Look below for the line containing "fix b assume"; from there, print each line exactly up to and including the line containing "using that unfolding", and stop.

□ □ □ □ □ □ □

(* Let $G=(V,E)$ be a strongly biconnected directed graph and let $U_1,U_2$ be two distinct $2$-edge-biconnected blocks of $G$. Then $|U_1\cap U_2|\le 1$.
   Context: All graphs are finite. A directed graph $H$ is strongly biconnected if $H$ is strongly connected and its underlying undirected graph is biconnected. A strongly biconnected component of a directed graph $H=(W,F)$ is a maximal vertex subset $C\subseteq W$ such that the induced subgraph $H[C]$ is strongly biconnected. For a strongly biconnected directed graph $G=(V,E)$ and an edge $b\in E$, $G\setminus\{b\}=(V,E\setminus\{b\})$. For distinct $x,y\in V$, write $x \overset{e}{\leftrightsquigarrow} y$ if for every edge $b\in E$ there is a strongly biconnected component of $G\setminus\{b\}$ containing both $x$ and $y$. A $2$-edge-biconnected block of $G$ is a maximal vertex subset $U\subseteq V$ with $|U|>1$ such that $x \overset{e}{\leftrightsquigarrow} y$ for all distinct $x,y\in U$. *)

theory Defs
  imports Main
begin

definition digraph :: "'a set \<Rightarrow> ('a \<times> 'a) set \<Rightarrow> bool" where
  "digraph V E \<longleftrightarrow> finite V \<and> E \<subseteq> V \<times> V"

definition strongly_connected :: "'a set \<Rightarrow> ('a \<times> 'a) set \<Rightarrow> bool" where
  "strongly_connected W F \<longleftrightarrow> W \<noteq> {} \<and>
     (\<forall>x\<in>W. \<forall>y\<in>W. (x, y) \<in> (F \<inter> (W \<times> W))\<^sup>*)"

definition und_connected :: "'a set \<Rightarrow> ('a \<times> 'a) set \<Rightarrow> bool" where
  "und_connected W F \<longleftrightarrow> W \<noteq> {} \<and>
     (\<forall>x\<in>W. \<forall>y\<in>W. (x, y) \<in> ((F \<inter> (W \<times> W)) \<union> (F \<inter> (W \<times> W))\<inverse>)\<^sup>*)"

definition und_biconnected :: "'a set \<Rightarrow> ('a \<times> 'a) set \<Rightarrow> bool" where
  "und_biconnected W F \<longleftrightarrow> und_connected W F \<and>
     (\<forall>v\<in>W. W - {v} \<noteq> {} \<longrightarrow> und_connected (W - {v}) F)"

definition strongly_biconnected :: "'a set \<Rightarrow> ('a \<times> 'a) set \<Rightarrow> bool" where
  "strongly_biconnected W F \<longleftrightarrow> strongly_connected W F \<and> und_biconnected W F"

definition sb_component :: "'a set \<Rightarrow> ('a \<times> 'a) set \<Rightarrow> 'a set \<Rightarrow> bool" where
  "sb_component W F C \<longleftrightarrow> C \<subseteq> W \<and> strongly_biconnected C F \<and>
     (\<forall>D. C \<subset> D \<and> D \<subseteq> W \<longrightarrow> \<not> strongly_biconnected D F)"

definition e_rel :: "'a set \<Rightarrow> ('a \<times> 'a) set \<Rightarrow> 'a \<Rightarrow> 'a \<Rightarrow> bool" where
  "e_rel V E x y \<longleftrightarrow> (\<forall>b\<in>E. \<exists>C. sb_component V (E - {b}) C \<and> x \<in> C \<and> y \<in> C)"

definition e_rel_set :: "'a set \<Rightarrow> ('a \<times> 'a) set \<Rightarrow> 'a set \<Rightarrow> bool" where
  "e_rel_set V E U \<longleftrightarrow> U \<subseteq> V \<and> 1 < card U \<and>
     (\<forall>x\<in>U. \<forall>y\<in>U. x \<noteq> y \<longrightarrow> e_rel V E x y)"

definition two_edge_biconnected_block :: "'a set \<Rightarrow> ('a \<times> 'a) set \<Rightarrow> 'a set \<Rightarrow> bool" where
  "two_edge_biconnected_block V E U \<longleftrightarrow> e_rel_set V E U \<and>
     (\<forall>U'. U \<subset> U' \<and> e_rel_set V E U' \<longrightarrow> False)"

end

theory Submission
  imports Defs
begin

text \<open>Strongly biconnected subgraphs that share two vertices have a strongly biconnected
  union, and so do three of them that pairwise share distinct vertices (a triangle).
  Hence the strongly biconnected component of \<open>G - b\<close> through two vertices of a block
  \<open>U\<close> contains every vertex of \<open>U\<close>. If \<open>U\<^sub>1\<close> and \<open>U\<^sub>2\<close> share two vertices \<open>z \<noteq> w\<close>,
  then for every edge \<open>b\<close> the components through \<open>{x, z, w}\<close> and \<open>{y, z, w}\<close>, with
  \<open>x \<in> U\<^sub>1\<close> and \<open>y \<in> U\<^sub>2\<close>, coincide; so \<open>U\<^sub>1 \<union> U\<^sub>2\<close> is itself related and maximality forces
  \<open>U\<^sub>1 = U\<^sub>2\<close>.\<close>

lemma und_connected_iff_strongly_connected:
  "und_connected W F \<longleftrightarrow> strongly_connected W (F \<union> F\<inverse>)"
proof -
  have "(F \<union> F\<inverse>) \<inter> W \<times> W = (F \<inter> W \<times> W) \<union> (F \<inter> W \<times> W)\<inverse>" by blast
  then show ?thesis unfolding und_connected_def strongly_connected_def by simp
qed

lemma strongly_connected_Un:
  assumes "strongly_connected A F" "strongly_connected B F" "a \<in> A" "a \<in> B"
  shows "strongly_connected (A \<union> B) F"
proof -
  have reach: "(x, y) \<in> (F \<inter> (A \<union> B) \<times> (A \<union> B))\<^sup>*"
    if "strongly_connected C F" "C \<subseteq> A \<union> B" "x \<in> C" "y \<in> C" for C x y
  proof -
    have "F \<inter> C \<times> C \<subseteq> F \<inter> (A \<union> B) \<times> (A \<union> B)" using \<open>C \<subseteq> A \<union> B\<close> by blast
    with that show ?thesis unfolding strongly_connected_def by (meson rtrancl_mono subsetD)
  qed
  have "(x, y) \<in> (F \<inter> (A \<union> B) \<times> (A \<union> B))\<^sup>*" if "x \<in> A \<union> B" "y \<in> A \<union> B" for x y
  proof -
    have "(x, a) \<in> (F \<inter> (A \<union> B) \<times> (A \<union> B))\<^sup>*" "(a, y) \<in> (F \<inter> (A \<union> B) \<times> (A \<union> B))\<^sup>*"
      using that assms reach[of A] reach[of B] by blast+
    then show ?thesis by simp
  qed
  then show ?thesis using assms(3) unfolding strongly_connected_def by blast
qed

lemma und_connected_Un:
  "\<lbrakk>und_connected A F; und_connected B F; a \<in> A; a \<in> B\<rbrakk> \<Longrightarrow> und_connected (A \<union> B) F"
  unfolding und_connected_iff_strongly_connected by (rule strongly_connected_Un)

lemma und_biconnected_Diff_singleton:
  assumes "und_biconnected C F" "c \<in> C" "c \<noteq> v"
  shows "und_connected (C - {v}) F"
proof (cases "v \<in> C")
  case True
  then show ?thesis using assms unfolding und_biconnected_def by blast
next
  case False
  then show ?thesis using assms unfolding und_biconnected_def by simp
qed

lemma und_biconnected_Un_Diff_singleton:
  assumes "und_biconnected A F" "und_biconnected B F" "a \<in> A" "a \<in> B" "a \<noteq> v"
  shows "und_connected (A \<union> B - {v}) F"
proof -
  have "und_connected ((A - {v}) \<union> (B - {v})) F"
    using assms by (intro und_connected_Un und_biconnected_Diff_singleton) auto
  moreover have "(A - {v}) \<union> (B - {v}) = A \<union> B - {v}" by blast
  ultimately show ?thesis by simp
qed

lemma strongly_biconnected_Un:
  assumes "strongly_biconnected A F" "strongly_biconnected B F"
    and "a \<in> A" "a \<in> B" "a' \<in> A" "a' \<in> B" "a \<noteq> a'"
  shows "strongly_biconnected (A \<union> B) F"
proof -
  have sc: "strongly_connected A F" "strongly_connected B F"
    and bc: "und_biconnected A F" "und_biconnected B F"
    using assms(1,2) unfolding strongly_biconnected_def by auto
  have "und_connected (A \<union> B - {v}) F" for v
  proof (cases "v = a")
    case True
    then show ?thesis using assms(5-7) by (intro und_biconnected_Un_Diff_singleton[OF bc]) auto
  next
    case False
    then show ?thesis using assms(3,4) by (intro und_biconnected_Un_Diff_singleton[OF bc]) auto
  qed
  moreover have "und_connected (A \<union> B) F"
    using bc assms(3,4) unfolding und_biconnected_def by (blast intro: und_connected_Un)
  ultimately show ?thesis
    using strongly_connected_Un[OF sc assms(3,4)]
    unfolding strongly_biconnected_def und_biconnected_def by blast
qed

lemma strongly_biconnected_triangle:
  assumes "strongly_biconnected A F" "strongly_biconnected B F" "strongly_biconnected C F"
    and "z \<in> A" "z \<in> B" "w \<in> B" "w \<in> C" "x \<in> C" "x \<in> A"
    and "x \<noteq> z" "x \<noteq> w" "z \<noteq> w"
  shows "strongly_biconnected (A \<union> B \<union> C) F"
proof -
  have sc: "strongly_connected A F" "strongly_connected B F" "strongly_connected C F"
    and bc: "und_biconnected A F" "und_biconnected B F" "und_biconnected C F"
    using assms(1-3) unfolding strongly_biconnected_def by auto
  have "strongly_connected (A \<union> B \<union> C) F"
    using assms(4-7) by (intro strongly_connected_Un[OF _ sc(3)] strongly_connected_Un[OF sc(1,2)]) auto
  moreover have "und_connected (A \<union> B \<union> C) F"
    using bc assms(4-7) unfolding und_biconnected_def by (blast intro: und_connected_Un)
  moreover have "und_connected (A \<union> B \<union> C - {v}) F" for v
  proof (cases "v = z")
    case True
    \<comment> \<open>the path \<open>B - w - C - x - A\<close> avoids \<open>z\<close>\<close>
    have "und_connected (B \<union> C - {v} \<union> (A - {v})) F"
      using True assms(4-12)
      by (intro und_connected_Un[of _ _ _ x] und_biconnected_Un_Diff_singleton[OF bc(2,3), of w]
          und_biconnected_Diff_singleton[OF bc(1), of x]) auto
    moreover have "B \<union> C - {v} \<union> (A - {v}) = A \<union> B \<union> C - {v}" by blast
    ultimately show ?thesis by simp
  next
    case False
    obtain c where "c \<in> C" "c \<in> A \<union> B" "c \<noteq> v"
      using assms(6-9,11) by blast
    then have "und_connected (A \<union> B - {v} \<union> (C - {v})) F"
      using False assms(4,5)
      by (intro und_connected_Un[of _ _ _ c] und_biconnected_Un_Diff_singleton[OF bc(1,2), of z]
          und_biconnected_Diff_singleton[OF bc(3), of c]) auto
    moreover have "A \<union> B - {v} \<union> (C - {v}) = A \<union> B \<union> C - {v}" by blast
    ultimately show ?thesis by simp
  qed
  ultimately show ?thesis unfolding strongly_biconnected_def und_biconnected_def by blast
qed

lemma sb_component_maximal:
  "\<lbrakk>sb_component W F C; strongly_biconnected D F; D \<subseteq> W; C \<subseteq> D\<rbrakk> \<Longrightarrow> C = D"
  unfolding sb_component_def by blast

lemma sb_componentD:
  assumes "sb_component W F C"
  shows sb_component_subset: "C \<subseteq> W"
    and sb_component_strongly_biconnected: "strongly_biconnected C F"
  using assms unfolding sb_component_def by simp_all

lemma sb_component_absorbs:
  assumes "sb_component W F C" "sb_component W F D" "z \<in> C" "z \<in> D" "w \<in> C" "w \<in> D" "z \<noteq> w"
  shows "D \<subseteq> C"
proof -
  have "strongly_biconnected (C \<union> D) F" "C \<union> D \<subseteq> W"
    using assms sb_component_subset[OF assms(1)] sb_component_subset[OF assms(2)]
    by (auto intro: strongly_biconnected_Un sb_component_strongly_biconnected)
  then show ?thesis using sb_component_maximal[OF assms(1)] by blast
qed

lemma e_rel_sym: "e_rel V E x y \<Longrightarrow> e_rel V E y x"
  unfolding e_rel_def by blast

lemma e_rel_set_common_component:
  assumes "e_rel_set V E U" "x \<in> U" "z \<in> U" "w \<in> U" "z \<noteq> w" "b \<in> E"
  shows "\<exists>C. sb_component V (E - {b}) C \<and> x \<in> C \<and> z \<in> C \<and> w \<in> C"
proof -
  have through: "\<exists>C. sb_component V (E - {b}) C \<and> p \<in> C \<and> q \<in> C"
    if "p \<in> U" "q \<in> U" "p \<noteq> q" for p q
  proof -
    have "e_rel V E p q" using assms(1) that unfolding e_rel_set_def by blast
    then show ?thesis using assms(6) unfolding e_rel_def by blast
  qed
  obtain B where B: "sb_component V (E - {b}) B" "z \<in> B" "w \<in> B"
    using through[OF assms(3-5)] by blast
  show ?thesis
  proof (cases "x = z \<or> x = w")
    case True
    then show ?thesis using B by auto
  next
    case False
    obtain A where A: "sb_component V (E - {b}) A" "x \<in> A" "z \<in> A"
      using through[OF assms(2,3)] False by blast
    obtain C where C: "sb_component V (E - {b}) C" "x \<in> C" "w \<in> C"
      using through[OF assms(2,4)] False by blast
    have "strongly_biconnected (A \<union> B \<union> C) (E - {b})"
      using A B C False assms(5)
      by (intro strongly_biconnected_triangle[of A _ B C z w x] sb_component_strongly_biconnected)
        auto
    moreover have "A \<union> B \<union> C \<subseteq> V" using A B C by (auto dest: sb_component_subset)
    ultimately have "A = A \<union> B \<union> C" using sb_component_maximal[OF A(1)] by blast
    then show ?thesis using A B by blast
  qed
qed

lemma e_rel_set_Un:
  assumes "e_rel_set V E U\<^sub>1" "e_rel_set V E U\<^sub>2"
    and "z \<in> U\<^sub>1 \<inter> U\<^sub>2" "w \<in> U\<^sub>1 \<inter> U\<^sub>2" "z \<noteq> w"
  shows "e_rel_set V E (U\<^sub>1 \<union> U\<^sub>2)"
proof -
  have cross: "e_rel V E x y" if "x \<in> U\<^sub>1" "y \<in> U\<^sub>2" for x y
    unfolding e_rel_def
  proof
    fix b assume "b \<in> E"
    obtain K\<^sub>1 where K\<^sub>1: "sb_component V (E - {b}) K\<^sub>1" "x \<in> K\<^sub>1" "z \<in> K\<^sub>1" "w \<in> K\<^sub>1"
      using e_rel_set_common_component[OF assms(1) \<open>x \<in> U\<^sub>1\<close> _ _ assms(5) \<open>b \<in> E\<close>] assms(3,4)
      by blast
    obtain K\<^sub>2 where K\<^sub>2: "sb_component V (E - {b}) K\<^sub>2" "y \<in> K\<^sub>2" "z \<in> K\<^sub>2" "w \<in> K\<^sub>2"
      using e_rel_set_common_component[OF assms(2) \<open>y \<in> U\<^sub>2\<close> _ _ assms(5) \<open>b \<in> E\<close>] assms(3,4)
      by blast
    have "K\<^sub>2 \<subseteq> K\<^sub>1" using sb_component_absorbs[OF K\<^sub>1(1) K\<^sub>2(1)] K\<^sub>1 K\<^sub>2 assms(5) by blast
    then show "\<exists>C. sb_component V (E - {b}) C \<and> x \<in> C \<and> y \<in> C" using K\<^sub>1 K\<^sub>2 by blast
  qed
  have rel: "\<forall>x\<in>U\<^sub>i. \<forall>y\<in>U\<^sub>i. x \<noteq> y \<longrightarrow> e_rel V E x y" if "e_rel_set V E U\<^sub>i" for U\<^sub>i
    using that unfolding e_rel_set_def by simp
  have "e_rel V E x y" if "x \<in> U\<^sub>1 \<union> U\<^sub>2" "y \<in> U\<^sub>1 \<union> U\<^sub>2" "x \<noteq> y" for x y
    using that rel[OF assms(1)] rel[OF assms(2)] cross[of x y] cross[of y x] e_rel_sym[of V E y x]
    by auto
  moreover have "1 < card (U\<^sub>1 \<union> U\<^sub>2)"
  proof -
    have "1 < card U\<^sub>1" "1 < card U\<^sub>2" using assms(1,2) unfolding e_rel_set_def by simp_all
    then have "finite (U\<^sub>1 \<union> U\<^sub>2)" by (simp add: card_ge_0_finite)
    with \<open>1 < card U\<^sub>1\<close> show ?thesis by (meson card_mono order_less_le_trans sup_ge1)
  qed
  moreover have "U\<^sub>1 \<union> U\<^sub>2 \<subseteq> V" using assms(1,2) unfolding e_rel_set_def by simp
  ultimately show ?thesis unfolding e_rel_set_def by blast
qed

lemma two_edge_biconnected_block_maximal:
  "\<lbrakk>two_edge_biconnected_block V E U; e_rel_set V E U'; U \<subseteq> U'\<rbrakk> \<Longrightarrow> U = U'"
  unfolding two_edge_biconnected_block_def by blast

theorem mainTheorem2:
  assumes "digraph V E"
    and "strongly_biconnected V E"
    and "two_edge_biconnected_block V E U1"
    and "two_edge_biconnected_block V E U2"
    and "U1 \<noteq> U2"
  shows "card (U1 \<inter> U2) \<le> 1"
proof (rule ccontr)
  assume "\<not> card (U1 \<inter> U2) \<le> 1"
  then obtain z w where "z \<in> U1 \<inter> U2" "w \<in> U1 \<inter> U2" "z \<noteq> w"
    using card_le_Suc0_iff_eq[of "U1 \<inter> U2"] card.infinite[of "U1 \<inter> U2"] by fastforce
  moreover have "e_rel_set V E U1" "e_rel_set V E U2"
    using assms(3,4) unfolding two_edge_biconnected_block_def by auto
  ultimately have "e_rel_set V E (U1 \<union> U2)" by (rule e_rel_set_Un[rotated 2])
  then have "U1 = U1 \<union> U2" "U2 = U1 \<union> U2"
    using two_edge_biconnected_block_maximal assms(3,4) by blast+
  with assms(5) show False by simp
qed

end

□ □ □ □ □ □ □

◆ SOLUTION TO THIS TASK
    fix b assume "b \<in> E"
    obtain K\<^sub>1 where K\<^sub>1: "sb_component V (E - {b}) K\<^sub>1" "x \<in> K\<^sub>1" "z \<in> K\<^sub>1" "w \<in> K\<^sub>1"
      using e_rel_set_common_component[OF assms(1) \<open>x \<in> U\<^sub>1\<close> _ _ assms(5) \<open>b \<in> E\<close>] assms(3,4)
      by blast
    obtain K\<^sub>2 where K\<^sub>2: "sb_component V (E - {b}) K\<^sub>2" "y \<in> K\<^sub>2" "z \<in> K\<^sub>2" "w \<in> K\<^sub>2"
      using e_rel_set_common_component[OF assms(2) \<open>y \<in> U\<^sub>2\<close> _ _ assms(5) \<open>b \<in> E\<close>] assms(3,4)
      by blast
    have "K\<^sub>2 \<subseteq> K\<^sub>1" using sb_component_absorbs[OF K\<^sub>1(1) K\<^sub>2(1)] K\<^sub>1 K\<^sub>2 assms(5) by blast
    then show "\<exists>C. sb_component V (E - {b}) C \<and> x \<in> C \<and> y \<in> C" using K\<^sub>1 K\<^sub>2 by blast
  qed
  have rel: "\<forall>x\<in>U\<^sub>i. \<forall>y\<in>U\<^sub>i. x \<noteq> y \<longrightarrow> e_rel V E x y" if "e_rel_set V E U\<^sub>i" for U\<^sub>i
    using that unfolding e_rel_set_def by simp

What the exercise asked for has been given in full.